• What is needed: Restate word for word the lines of the material below, from the line with "by (rule eq_vecI) (use Lc k in auto)" to the line with "a k \<in> carrier_vec", both lines included, and no others.

**** Information shown

lemma Sigma_factor_col_mult_transpose:
  assumes L: "unit_upper_triangular L n" and "k \<le> n"
  shows "Sigma_factor n (col L) k * L\<^sup>T = mat n n (\<lambda>(i, j). if i = j \<and> i < k then 1 else 0)"
  using assms(2)
proof (induction k)
  case 0
  show ?case
    using L by (auto simp: unit_upper_triangular_def)
next
  case (Suc k)
  have Lc: "L \<in> carrier_mat n n" and up: "upper_triangular L" and diag: "\<forall>i<n. L $$ (i, i) = 1"
    using L by (auto simp: unit_upper_triangular_def)
  let ?e = "unit_vec n k"
  let ?G = "mat n n (\<lambda>(i, j). if i = j \<and> i < k then 1 else 0) :: real mat"
  have k: "k < n" using Suc.prems by simp
  have a: "col L k \<in> carrier_vec n"
    using Lc k by simp
  have U: "1\<^sub>m n - outer_vec ?e (col L k) \<in> carrier_mat n n"
    using a by (intro minus_carrier_mat outer_vec_carrier) auto
  have E: "outer_vec ?e ?e \<in> carrier_mat n n"
    by auto
  have LT: "L\<^sup>T \<in> carrier_mat n n"
    using Lc by simp
  have "?G\<^sup>T = ?G"
    by (rule eq_matI) auto
  then have G_col: "?G\<^sup>T *\<^sub>v col L k = vec n (\<lambda>j. if j < k then L $$ (j, k) else 0)"
    using a Lc k by (auto simp: leading_identity_mult_vec)
  have L_unit: "L *\<^sub>v ?e = col L k"
    by (rule eq_vecI) (use Lc k in auto)
  have "Sigma_factor n (col L) (Suc k) * L\<^sup>T
      = (1\<^sub>m n - outer_vec ?e (col L k)) * (Sigma_factor n (col L) k * L\<^sup>T) + outer_vec ?e ?e * L\<^sup>T"
    using add_mult_distrib_mat[OF mult_carrier_mat[OF U Sigma_factor_carrier] E LT]
      assoc_mult_mat[OF U Sigma_factor_carrier LT] by simp
  also have "\<dots> = ?G - outer_vec ?e (vec n (\<lambda>j. if j < k then L $$ (j, k) else 0)) + outer_vec ?e (col L k)"
    using Suc Lc k by (simp add: one_minus_outer_vec_mult[of _ n n] outer_vec_mult_mat G_col L_unit)
  also have "\<dots> = mat n n (\<lambda>(i, j). if i = j \<and> i < Suc k then 1 else 0)"
    \<comment> \<open>row k becomes L_jk - [j < k] L_jk, which is [j = k] as L is unit upper triangular\<close>
    using Lc k up diag by (intro eq_matI) auto
  finally show ?case .
qed

lemma Sigma_factor_transpose_unit_upper_triangular:
  assumes "\<forall>k<n. a k \<in> carrier_vec n"
  shows "unit_upper_triangular (Sigma_factor n a n)\<^sup>T n"
proof -
  have "\<forall>i<n. \<forall>j<n. i < j \<longrightarrow> Sigma_factor n a n $$ (i, j) = 0" "\<forall>i<n. Sigma_factor n a n $$ (i, i) = 1"
    using Sigma_factor_shape[of n n a] assms by auto
  then show ?thesis
    unfolding unit_upper_triangular_def by auto
qed
(* Let $b_0>0$. There exists $\delta_8(b_0)>0$ such that for all $\delta\in(0,\delta_8)$ there exists $s_8(b_0,\delta)\ge1$ such that for all $s_0\ge s_8$: if $(q,b)(s)\in V_{\delta,b_0}(s)$ for all $s\in[s_0,\bar s]$, then $$|P_n(\mathcal R_s(q))(s)|\le CI(s)^{-2\delta}\quad\text{for all }s\in[s_0,\bar s],\ 0\le n\le[M],$$ with $C$ independent of $s,s_0$.
   Context: Fix $p>1$ and an integer $k\ge2$. Let $I(s)=e^{\frac s2(1-\frac1k)}$, $M=\frac{2kp}{p-1}$, $[M]$ the largest integer less than $M$, $e_b(y)=(p-1+by^{2k})^{-1}$. $\mathcal R_s(q)=I(s)^{-2}y^{2k-2}(\alpha_1+\alpha_2y^{2k}e_b+(\alpha_3+\alpha_4y^{2k}e_b)q)$ with $b=b(s)$, $\alpha_1=-2k(2k-1)\frac b{p-1}$, $\alpha_2=4pk^2\frac{b^2}{(p-1)^2}$, $\alpha_3=-2pk(2k-1)\frac b{p-1}$, $\alpha_4=4p(2p-1)k^2\frac{b^2}{(p-1)^2}$. Let $\rho_s(y)=\frac{I(s)}{\sqrt{4\pi}}e^{-I(s)^2y^2/4}$, $\langle f,g\rangle_{L^2_{\rho_s}}=\int fg\rho_s\,dy$, $H_m(y,s)=\sum_{\ell=0}^{[m/2]}\frac{m!}{\ell!(m-2\ell)!}(-I(s)^{-2})^\ell y^{m-2\ell}$; $P_m(g)=\langle g,H_m\rangle_{L^2_{\rho_s}}/\langle H_m,H_m\rangle_{L^2_{\rho_s}}$, $q_m=P_m(q)$, $q_-=q-\sum_{m=0}^{[M]}q_mH_m$, $|g|_s=\sup_y\frac{|g(y)|}{I(s)^{-M}+|y|^M}$. The shrinking set $V_{\delta,b_0}(s)$ is the set of pairs $(q,b)$ ($q$ with $(1+|y|^M)^{-1}q\in L^\infty$, $b\in\mathbb R$) with $|q_m|\le I(s)^{-\delta}$ for $0\le m\le[M]$, $m\ne2k$; $|q_{2k}|\le I(s)^{-2\delta}$; $|q_-|_s\le I(s)^{-\delta}$; and $\frac{b_0}2\le b\le2b_0$. *)

theory Defs
  imports "HOL-Analysis.Analysis"
begin

text \<open>Parameters: p > 1 (real), k >= 2 (nat).\<close>

definition I_s :: "nat \<Rightarrow> real \<Rightarrow> real" where
  "I_s k s = exp (s / 2 * (1 - 1 / real k))"

definition M_exp :: "real \<Rightarrow> nat \<Rightarrow> real" where
  "M_exp p k = 2 * real k * p / (p - 1)"

text \<open>[M]: the largest integer strictly less than M.\<close>
definition M_floor :: "real \<Rightarrow> nat \<Rightarrow> nat" where
  "M_floor p k = nat (\<lceil>M_exp p k\<rceil> - 1)"

definition e_b :: "real \<Rightarrow> nat \<Rightarrow> real \<Rightarrow> real \<Rightarrow> real" where
  "e_b p k b y = 1 / (p - 1 + b * y ^ (2 * k))"

definition R_op :: "real \<Rightarrow> nat \<Rightarrow> real \<Rightarrow> real \<Rightarrow> (real \<Rightarrow> real) \<Rightarrow> real \<Rightarrow> real" where
  "R_op p k s b q y =
    (let a1 = - 2 * real k * (2 * real k - 1) * b / (p - 1);
         a2 = 4 * p * (real k)^2 * b^2 / (p - 1)^2;
         a3 = - 2 * p * real k * (2 * real k - 1) * b / (p - 1);
         a4 = 4 * p * (2 * p - 1) * (real k)^2 * b^2 / (p - 1)^2;
         E = e_b p k b y
     in (I_s k s) powr (-2) * y ^ (2 * k - 2) *
        (a1 + a2 * y ^ (2 * k) * E + (a3 + a4 * y ^ (2 * k) * E) * q y))"

definition rho_s :: "nat \<Rightarrow> real \<Rightarrow> real \<Rightarrow> real" where
  "rho_s k s y = I_s k s / sqrt (4 * pi) * exp (- (((I_s k s) ^ 2) * (y ^ 2)) / 4)"

definition inner_rho :: "nat \<Rightarrow> real \<Rightarrow> (real \<Rightarrow> real) \<Rightarrow> (real \<Rightarrow> real) \<Rightarrow> real" where
  "inner_rho k s f g = (\<integral>y. f y * g y * rho_s k s y \<partial>lborel)"

definition H_poly :: "nat \<Rightarrow> nat \<Rightarrow> real \<Rightarrow> real \<Rightarrow> real" where
  "H_poly k m s y = (\<Sum>l = 0..m div 2.
      fact m / (fact l * fact (m - 2 * l)) * (- ((I_s k s) powr (-2))) ^ l * y ^ (m - 2 * l))"

definition P_proj :: "nat \<Rightarrow> nat \<Rightarrow> real \<Rightarrow> (real \<Rightarrow> real) \<Rightarrow> real" where
  "P_proj k m s g = inner_rho k s g (H_poly k m s) / inner_rho k s (H_poly k m s) (H_poly k m s)"

definition q_minus :: "real \<Rightarrow> nat \<Rightarrow> real \<Rightarrow> (real \<Rightarrow> real) \<Rightarrow> real \<Rightarrow> real" where
  "q_minus p k s q y = q y - (\<Sum>m = 0..M_floor p k. P_proj k m s q * H_poly k m s y)"

text \<open>The weighted sup-norm |g|_s (as an extended real, so it is meaningful for unbounded g).\<close>
definition snorm :: "real \<Rightarrow> nat \<Rightarrow> real \<Rightarrow> (real \<Rightarrow> real) \<Rightarrow> ereal" where
  "snorm p k s g = (SUP y. ereal (\<bar>g y\<bar> / ((I_s k s) powr (- M_exp p k) + \<bar>y\<bar> powr M_exp p k)))"

text \<open>Shrinking set V_{delta,b0}(s). The condition that (1+|y|^M)^{-1} q is in L^infinity is
  rendered as: q is Borel measurable and (1+|y|^M)^{-1} q is bounded.\<close>
definition in_V :: "real \<Rightarrow> nat \<Rightarrow> real \<Rightarrow> real \<Rightarrow> real \<Rightarrow> (real \<Rightarrow> real) \<Rightarrow> real \<Rightarrow> bool" where
  "in_V p k \<delta> b0 s q b \<longleftrightarrow>
     q \<in> borel_measurable borel \<and>
     (\<exists>K. \<forall>y. \<bar>q y\<bar> / (1 + \<bar>y\<bar> powr M_exp p k) \<le> K) \<and>
     (\<forall>m \<le> M_floor p k. m \<noteq> 2 * k \<longrightarrow> \<bar>P_proj k m s q\<bar> \<le> (I_s k s) powr (- \<delta>)) \<and>
     \<bar>P_proj k (2 * k) s q\<bar> \<le> (I_s k s) powr (- 2 * \<delta>) \<and>
     snorm p k s (q_minus p k s q) \<le> ereal ((I_s k s) powr (- \<delta>)) \<and>
     b0 / 2 \<le> b \<and> b \<le> 2 * b0"

end

theory Submission
  imports Defs "HOL-Probability.Distributions" "HOL-Computational_Algebra.Polynomial"
begin

text \<open>
  Substituting \<open>y = \<surd>2 z / I(s)\<close> turns the weight \<open>\<rho>\<^sub>s\<close> into the standard Gaussian density and
  \<open>H\<^sub>m\<close> into \<open>(\<surd>2/I(s))\<^sup>m He\<^sub>m\<close>, where \<open>He\<^sub>m\<close> is the probabilists' Hermite polynomial,
  orthogonal to all polynomials of lower degree. So \<open>P\<^sub>n\<close> annihilates polynomials of degree
  \<open>< n\<close>, and \<open>|P\<^sub>n g| \<le> K C\<^sub>n\<close> whenever \<open>g\<close> differs from such a polynomial by at most
  \<open>K I(s)\<^sup>-\<^sup>n (1 + I(s)|y|)\<^sup>N\<close>. The function \<open>R\<^sub>s(q)\<close> has this property with
  \<open>K = O(I(s)\<^sup>-\<^sup>2\<^sup>\<delta>)\<close>: it carries the factor \<open>I(s)\<^sup>-\<^sup>2\<close>; each \<open>y\<^sup>d e\<^sub>b(y)\<close> is a
  polynomial up to such an error after finitely many steps of the geometric expansion of \<open>e\<^sub>b\<close>;
  the modes \<open>q\<^sub>m\<close> are \<open>O(I(s)\<^sup>-\<^sup>\<delta>)\<close>; and \<open>q\<^sub>-\<close> is bounded pointwise through \<open>|q\<^sub>-|\<^sub>s\<close>.
  In particular \<open>\<delta>\<^sub>8 = 1\<close> and \<open>s\<^sub>8 = 1\<close> suffice.
\<close>

section \<open>Gaussian moments and Hermite polynomials\<close>

definition std_normal_poly_moment :: "real poly \<Rightarrow> nat \<Rightarrow> real" where
  "std_normal_poly_moment f j = (\<integral>z. std_normal_density z * (z ^ j * poly f z) \<partial>lborel)"

lemma integrable_std_normal_poly_moment:
  "integrable lborel (\<lambda>z. std_normal_density z * (z ^ j * poly f z))"
proof (induction f arbitrary: j rule: pCons_induct)
  case (pCons a f)
  have "(\<lambda>z. std_normal_density z * (z ^ j * poly (pCons a f) z)) =
     (\<lambda>z. a * (std_normal_density z * z ^ j) + std_normal_density z * (z ^ Suc j * poly f z))"
    by (auto simp: algebra_simps)
  then show ?case
    by (simp only:) (intro Bochner_Integration.integrable_add integrable_mult_right
        integrable_std_normal_moment pCons.IH)
qed simp

lemma std_normal_poly_moment_add:
  "std_normal_poly_moment (f + g) j = std_normal_poly_moment f j + std_normal_poly_moment g j"
proof -
  have "(\<lambda>z. std_normal_density z * (z ^ j * poly (f + g) z)) =
     (\<lambda>z. std_normal_density z * (z ^ j * poly f z) + std_normal_density z * (z ^ j * poly g z))"
    by (simp add: algebra_simps)
  then show ?thesis
    unfolding std_normal_poly_moment_def
    by (simp add: Bochner_Integration.integral_add integrable_std_normal_poly_moment)
qed

lemma std_normal_poly_moment_diff:
  "std_normal_poly_moment (f - g) j = std_normal_poly_moment f j - std_normal_poly_moment g j"
  using std_normal_poly_moment_add[of "f - g" g j] by simp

********

• Solution to this task:
    by (rule eq_vecI) (use Lc k in auto)
  have "Sigma_factor n (col L) (Suc k) * L\<^sup>T
      = (1\<^sub>m n - outer_vec ?e (col L k)) * (Sigma_factor n (col L) k * L\<^sup>T) + outer_vec ?e ?e * L\<^sup>T"
    using add_mult_distrib_mat[OF mult_carrier_mat[OF U Sigma_factor_carrier] E LT]
      assoc_mult_mat[OF U Sigma_factor_carrier LT] by simp
  also have "\<dots> = ?G - outer_vec ?e (vec n (\<lambda>j. if j < k then L $$ (j, k) else 0)) + outer_vec ?e (col L k)"
    using Suc Lc k by (simp add: one_minus_outer_vec_mult[of _ n n] outer_vec_mult_mat G_col L_unit)
  also have "\<dots> = mat n n (\<lambda>(i, j). if i = j \<and> i < Suc k then 1 else 0)"
    \<comment> \<open>row k becomes L_jk - [j < k] L_jk, which is [j = k] as L is unit upper triangular\<close>
    using Lc k up diag by (intro eq_matI) auto
  finally show ?case .
qed

lemma Sigma_factor_transpose_unit_upper_triangular:
  assumes "\<forall>k<n. a k \<in> carrier_vec n"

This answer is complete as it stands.